━━━━━ Data for the task ━━━━━
(* Let $\Gamma$ be a countable simplicial graph (no loops or multiple edges) and for each vertex $v\in V(\Gamma)$ let $G_v$ be a finitely generated group with a finite generating set $S_v=S_v^{-1}$ not containing the identity. Fix an injective map $\bar w:V(\Gamma)\to\{1,2,3,\dots\}$ (a one-to-one correspondence with $\mathbb{N}$ when $\Gamma$ is infinite) and equip the graph product $\Gamma\mathfrak{G}$ with the left-invariant metric $d(g,h)=\|g^{-1}h\|$, where $\|\gamma\|=\inf\{\sum_i w(s_i)\mid \gamma=s_1\cdots s_m,\ s_i\in\bigsqcup_v S_v\}$ (and $\|e\|=0$), with $w(s)=\bar w(v)$ for $s\in S_v$. Let $r>0$, let $\Gamma_r$ be the full subgraph of $\Gamma$ on the vertex set $\bar w^{-1}([0,r])$, and let $\Gamma_r\mathfrak{G}$ be the subgroup of $\Gamma\mathfrak{G}$ generated by the $G_v$ with $v\in V(\Gamma_r)$. Then every element of $\Gamma\mathfrak{G}$ can be written in the form $xb$ with $x$ permissible and $b\in\Gamma_r\mathfrak{G}$. Moreover, if $x\neq x'$ are permissible, then $d(xb,x'b')>r$ for all $b,b'\in\Gamma_r\mathfrak{G}$.
   Context: The graph product $\Gamma\mathfrak{G}$ of groups $\{G_v\}_{v\in V(\Gamma)}$ is the free product of the $G_v$ modulo the relations $gg'=g'g$ for all $g\in G_v$, $g'\in G_{v'}$ whenever $\{v,v'\}$ is an edge of $\Gamma$. An expression $g=g_1\cdots g_\ell$ is an expression in syllables if each $g_i$ is non-trivial and lies in a single vertex group, and no two consecutive $g_i,g_{i+1}$ lie in the same vertex group. An element $x\in\Gamma\mathfrak{G}$ is called permissible (with respect to $\Gamma_r$) if no reduced word in syllables presenting $x$ ends with a non-trivial syllable belonging to $\Gamma_r\mathfrak{G}$ (i.e. to a vertex group $G_v$ with $v\in V(\Gamma_r)$); the identity is considered permissible. *)

theory Defs
  imports "HOL-Algebra.Algebra" "HOL-Library.Countable_Set"
begin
━━━━━
Type out every record above once more, exactly.

(* Let $\Gamma$ be a countable simplicial graph (no loops or multiple edges) and for each vertex $v\in V(\Gamma)$ let $G_v$ be a finitely generated group with a finite generating set $S_v=S_v^{-1}$ not containing the identity. Fix an injective map $\bar w:V(\Gamma)\to\{1,2,3,\dots\}$ (a one-to-one correspondence with $\mathbb{N}$ when $\Gamma$ is infinite) and equip the graph product $\Gamma\mathfrak{G}$ with the left-invariant metric $d(g,h)=\|g^{-1}h\|$, where $\|\gamma\|=\inf\{\sum_i w(s_i)\mid \gamma=s_1\cdots s_m,\ s_i\in\bigsqcup_v S_v\}$ (and $\|e\|=0$), with $w(s)=\bar w(v)$ for $s\in S_v$. Let $r>0$, let $\Gamma_r$ be the full subgraph of $\Gamma$ on the vertex set $\bar w^{-1}([0,r])$, and let $\Gamma_r\mathfrak{G}$ be the subgroup of $\Gamma\mathfrak{G}$ generated by the $G_v$ with $v\in V(\Gamma_r)$. Then every element of $\Gamma\mathfrak{G}$ can be written in the form $xb$ with $x$ permissible and $b\in\Gamma_r\mathfrak{G}$. Moreover, if $x\neq x'$ are permissible, then $d(xb,x'b')>r$ for all $b,b'\in\Gamma_r\mathfrak{G}$.
   Context: The graph product $\Gamma\mathfrak{G}$ of groups $\{G_v\}_{v\in V(\Gamma)}$ is the free product of the $G_v$ modulo the relations $gg'=g'g$ for all $g\in G_v$, $g'\in G_{v'}$ whenever $\{v,v'\}$ is an edge of $\Gamma$. An expression $g=g_1\cdots g_\ell$ is an expression in syllables if each $g_i$ is non-trivial and lies in a single vertex group, and no two consecutive $g_i,g_{i+1}$ lie in the same vertex group. An element $x\in\Gamma\mathfrak{G}$ is called permissible (with respect to $\Gamma_r$) if no reduced word in syllables presenting $x$ ends with a non-trivial syllable belonging to $\Gamma_r\mathfrak{G}$ (i.e. to a vertex group $G_v$ with $v\in V(\Gamma_r)$); the identity is considered permissible. *)

theory Defs
  imports "HOL-Algebra.Algebra" "HOL-Library.Countable_Set"
begin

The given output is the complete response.